GERMANY
GERMANY: Tuition fees deter students
An unpublished survey commissioned by Germany's Education Ministry has further fuelled the debate on tuition fees. According to the new study, leaked to a news agency ahead of an unsuccessful 'Education Summit' last week, far more young people are put off from studying by tuition fees than previously assumed. The Stifterverband, Germany's donors' association for science and the humanities, also claims that poor study conditions are acting as a deterrent.The study was submitted to the Education Ministry some weeks ago. It states that out of the secondary-school-leaving cohort in 2006, up to 18,000 students had not gone on to further education because of worries about tuition fees - even though only two out of Germany's 16 Länder, or federal states, had introduced tuition charges. A further five states have since introduced fees.
The survey shows that women and young people from educationally disadvantaged groups of the population who are most deterred from studying.

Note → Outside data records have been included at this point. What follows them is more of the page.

definition grad :: "nat \<Rightarrow> arr \<Rightarrow> (nat \<times> nat \<times> nat \<Rightarrow> complex)" where
  "grad N X = (\<lambda>(j,k,c).
      if c = 0 then (if j + 1 < N then X (j+1,k) - X (j,k) else 0)
      else (if k + 1 < N then X (j,k+1) - X (j,k) else 0))"

definition grad_index :: "nat \<Rightarrow> (nat \<times> nat \<times> nat) set" where
  "grad_index N = {0..<N} \<times> {0..<N} \<times> {0..<2}"

definition tv_norm :: "nat \<Rightarrow> arr \<Rightarrow> real" where
  "tv_norm N X = (\<Sum>q\<in>grad_index N. cmod (grad N X q))"

text \<open>l1 error of the best s-sparse approximation of the gradient:
  \<parallel>\<nabla>X - (\<nabla>X)_s\<parallel>_1, i.e. the l1 mass outside the s largest-magnitude entries,
  which equals the minimum over index sets S of size at most s of the l1 mass outside S.\<close>
definition grad_tail :: "nat \<Rightarrow> nat \<Rightarrow> arr \<Rightarrow> real" where
  "grad_tail N s X = Min ((\<lambda>S. \<Sum>q\<in>grad_index N - S. cmod (grad N X q)) `
                          {S. S \<subseteq> grad_index N \<and> card S \<le> s})"

definition haar0 :: "real \<Rightarrow> real" where
  "haar0 t = (if 0 \<le> t \<and> t < 1 then 1 else 0)"

definition haar1 :: "real \<Rightarrow> real" where
  "haar1 t = (if 0 \<le> t \<and> t < 1/2 then 1 else if 1/2 \<le> t \<and> t < 1 then -1 else 0)"

definition haar1d :: "nat \<Rightarrow> real \<Rightarrow> real" where
  "haar1d e t = (if e = 0 then haar0 t else haar1 t)"

definition haar_fun :: "nat \<times> nat \<Rightarrow> nat \<Rightarrow> nat \<times> nat \<Rightarrow> real \<times> real \<Rightarrow> real" where
  "haar_fun e j k x = 2^j * haar1d (fst e) (2^j * fst x - real (fst k))
                          * haar1d (snd e) (2^j * snd x - real (snd k))"
(* Let $q=p^m$ with $p$ an odd prime and $m\ge1$, and suppose $q\equiv 1\pmod 6$. Then the power function $f(x)=x^{q+2}$ on $\mathbb{F}_{q^2}$ satisfies $\beta_f\le 5$.
   Context: For $f:\mathbb{F}_{q^2}\to\mathbb{F}_{q^2}$ and $a,b\in\mathbb{F}_{q^2}$, $\beta_f(a,b)$ is the number of $(x,y)\in\mathbb{F}_{q^2}^2$ with $f(x)-f(y)=b$ and $f(x+a)-f(y+a)=b$; the boomerang uniformity is $\beta_f=\max_{a,b\in\mathbb{F}_{q^2}^*}\beta_f(a,b)$. *)

theory Defs
  imports Main "HOL-Computational_Algebra.Primes"
begin

definition boomerang_count :: "('a::field \<Rightarrow> 'a) \<Rightarrow> 'a \<Rightarrow> 'a \<Rightarrow> nat" where
  "boomerang_count f a b =
     card {(x, y). f x - f y = b \<and> f (x + a) - f (y + a) = b}"

definition boomerang_uniformity :: "('a::{field,finite} \<Rightarrow> 'a) \<Rightarrow> nat" where
  "boomerang_uniformity f =
     Max {boomerang_count f a b | a b. a \<noteq> 0 \<and> b \<noteq> 0}"

end

theory Submission
  imports Defs "HOL-Number_Theory.Residues" "HOL-Computational_Algebra.Polynomial"
begin
lemma fourier_integral_odd:
  fixes F g :: "real \<Rightarrow> real"
  assumes "\<And>x. x \<in> {0<..<1} \<Longrightarrow> F x = g x" "\<And>x. x \<in> {0<..<1} \<Longrightarrow> F (-x) = - g x"
    and "continuous_on {0..1} g" and "((\<lambda>x. g x * sin (x * t)) has_integral I) {0..1}"
  shows "integral {-1..1} (\<lambda>x. complex_of_real (F x) * exp (\<i> * complex_of_real (x * t)))
       = 2 * \<i> * complex_of_real I"
proof -
  have split: "((\<lambda>x. complex_of_real (F x) * exp (\<i> * complex_of_real (x * t))) has_integral
      integral {0..1} (\<lambda>x. complex_of_real (g x) * exp (\<i> * complex_of_real (x * t))
        + complex_of_real (- g x) * exp (\<i> * complex_of_real (- x * t)))) {-1..1}"
    using assms(1,2,3) by (intro has_integral_reflect_split integrable_continuous_real continuous_intros) auto
  have pointwise: "complex_of_real (g x) * exp (\<i> * complex_of_real (x * t))
      + complex_of_real (- g x) * exp (\<i> * complex_of_real (- x * t))
      = 2 * \<i> * complex_of_real (g x * sin (x * t))" for x
  proof -
    have "complex_of_real (g x) * exp (\<i> * complex_of_real (x * t))
        + complex_of_real (- g x) * exp (\<i> * complex_of_real (- x * t))
        = complex_of_real (g x) * (exp (\<i> * complex_of_real (x * t)) - exp (\<i> * complex_of_real (- (x * t))))"
      by (simp add: algebra_simps)
    also have "\<dots> = 2 * \<i> * complex_of_real (g x * sin (x * t))"
      by (simp only: exp_i_diff_eq_sin) (simp add: mult_ac)
    finally show ?thesis .
  qed
  have "((\<lambda>x. 2 * \<i> * complex_of_real (g x * sin (x * t))) has_integral 2 * \<i> * complex_of_real I) {0..1}"
    using assms(4) by (intro has_integral_mult_right has_integral_of_real)
  then have "integral {0..1} (\<lambda>x. complex_of_real (g x) * exp (\<i> * complex_of_real (x * t))
        + complex_of_real (- g x) * exp (\<i> * complex_of_real (- x * t))) = 2 * \<i> * complex_of_real I"
    unfolding pointwise by (rule integral_unique)
  then show ?thesis
    by (rule trans[OF integral_unique[OF split]])
qed

lemma fourier_integral_even:
  fixes F g :: "real \<Rightarrow> real"
  assumes "\<And>x. x \<in> {0<..<1} \<Longrightarrow> F x = g x" "\<And>x. x \<in> {0<..<1} \<Longrightarrow> F (-x) = g x"
    and "continuous_on {0..1} g" and "((\<lambda>x. g x * cos (x * t)) has_integral I) {0..1}"
  shows "integral {-1..1} (\<lambda>x. complex_of_real (F x) * exp (\<i> * complex_of_real (x * t)))
       = 2 * complex_of_real I"
proof -
  have split: "((\<lambda>x. complex_of_real (F x) * exp (\<i> * complex_of_real (x * t))) has_integral
      integral {0..1} (\<lambda>x. complex_of_real (g x) * exp (\<i> * complex_of_real (x * t))
        + complex_of_real (g x) * exp (\<i> * complex_of_real (- x * t)))) {-1..1}"
    using assms(1,2,3) by (intro has_integral_reflect_split integrable_continuous_real continuous_intros) auto
  have pointwise: "complex_of_real (g x) * exp (\<i> * complex_of_real (x * t))
      + complex_of_real (g x) * exp (\<i> * complex_of_real (- x * t))
      = 2 * complex_of_real (g x * cos (x * t))" for x
  proof -
    have "complex_of_real (g x) * exp (\<i> * complex_of_real (x * t))
        + complex_of_real (g x) * exp (\<i> * complex_of_real (- x * t))
        = complex_of_real (g x) * (exp (\<i> * complex_of_real (x * t)) + exp (\<i> * complex_of_real (- (x * t))))"
      by (simp only: mult_minus_left distrib_left)
    also have "\<dots> = 2 * complex_of_real (g x * cos (x * t))"
      by (simp only: exp_i_add_eq_cos) (simp add: mult_ac)
    finally show ?thesis .
  qed
  have "((\<lambda>x. 2 * complex_of_real (g x * cos (x * t))) has_integral 2 * complex_of_real I) {0..1}"
    using assms(4) by (intro has_integral_mult_right has_integral_of_real)
  then have "integral {0..1} (\<lambda>x. complex_of_real (g x) * exp (\<i> * complex_of_real (x * t))
        + complex_of_real (g x) * exp (\<i> * complex_of_real (- x * t))) = 2 * complex_of_real I"
    unfolding pointwise by (rule integral_unique)
  then show ?thesis
    by (rule trans[OF integral_unique[OF split]])
qed

lemma alpert_multiwavelets_reflect:
  assumes "alpert_multiwavelets N f" "k \<in> {1..N}" "x \<in> {0<..<1}"
  shows "f k (-x) = (-1)^(k + N - 1) * f k x"
  using assms unfolding alpert_multiwavelets_def by blast

lemma alpert_multiwavelet_fourier_p:
  assumes alp: "alpert_multiwavelets (n + 1) f"
    and hc: "\<forall>x\<in>{0<..<1}. f (n + 1) x = c * alpert_p n x"
  shows "integral {-1..1} (\<lambda>x. complex_of_real (f (n + 1) x) * exp (\<i> * complex_of_real (x * t)))
      = 2 * \<i> * complex_of_real (c * t ^ (2 * n + 1) * ((-1) ^ n * fact n / fact (3 * n + 2))
          * hyp1F2 (real n + 1) ((3 * real n + 3) / 2) ((3 * real n + 4) / 2) (- (t ^ 2) / 4))"
proof -
  have reflect: "f (n + 1) (-x) = - (c * alpert_p n x)" if "x \<in> {0<..<1}" for x
    using alpert_multiwavelets_reflect[OF alp, of "n + 1" x] hc that by simp
  have continuous: "continuous_on {0..1} (\<lambda>x. c * alpert_p n x)"
    by (intro continuous_on_mult_left) (simp add: alpert_p_eq_alpert_poly continuous_on_alpert_poly)
  have integral: "((\<lambda>x. c * alpert_p n x * sin (x * t)) has_integral
      c * (t ^ (2 * n + 1) * ((-1) ^ n * fact n / fact (3 * n + 2))
        * hyp1F2 (real n + 1) ((3 * real n + 3) / 2) ((3 * real n + 4) / 2) (- (t ^ 2) / 4))) {0..1}"
    using has_integral_mult_right[OF alpert_p_sin_integral, of c n t] by (simp only: mult.assoc)
  show ?thesis
    using fourier_integral_odd[OF _ reflect continuous integral] hc by (simp only: mult.assoc)
qed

Ulla Burchardt, head of the Parliamentary Committee on Education, and a Social Democrat, called for an immediate release of the survey after it had been leaked to deutsche-presse-agentur, a leading German news agency.
Burchardt demanded the results be addressed at the Education Summit but the survey has still not been published. The Education Ministry is headed by Annette Schavan, a member of the Christian Democratic Party (CDU), the senior partners in the ruling coalition. So far, tuition fees have only been introduced in CDU-led states.
Stifterverband President Arend Oetker claimed it was not tuition fees that were putting people off from studying but poor study conditions: "The Stifterverband believes that young people are worried about the detrimental circumstances they are supposed to study in. Poor study conditions are unsocial, not tuition fees," Oetker said. He thinks that tuition fees are essential to improve study conditions and lower dropout rates.
Commenting on the outcome of the summit, Oetker said, "Federal and state governments have shown a lack of courage. They have given up the goal of motivating more young people to opt for studying."
Germany was the only country charging young parents several hundred euros a month for sending their children to kindergarten while retaining free-of-charge education. "It ought to be exactly the other way round," Oetker said. "Instead, we already start with social selection when children are just three or four years old. That's the real scandal. Prospective academics benefit from the EUR500 they have paid on semester tuition fees when they starting earning more than others later on."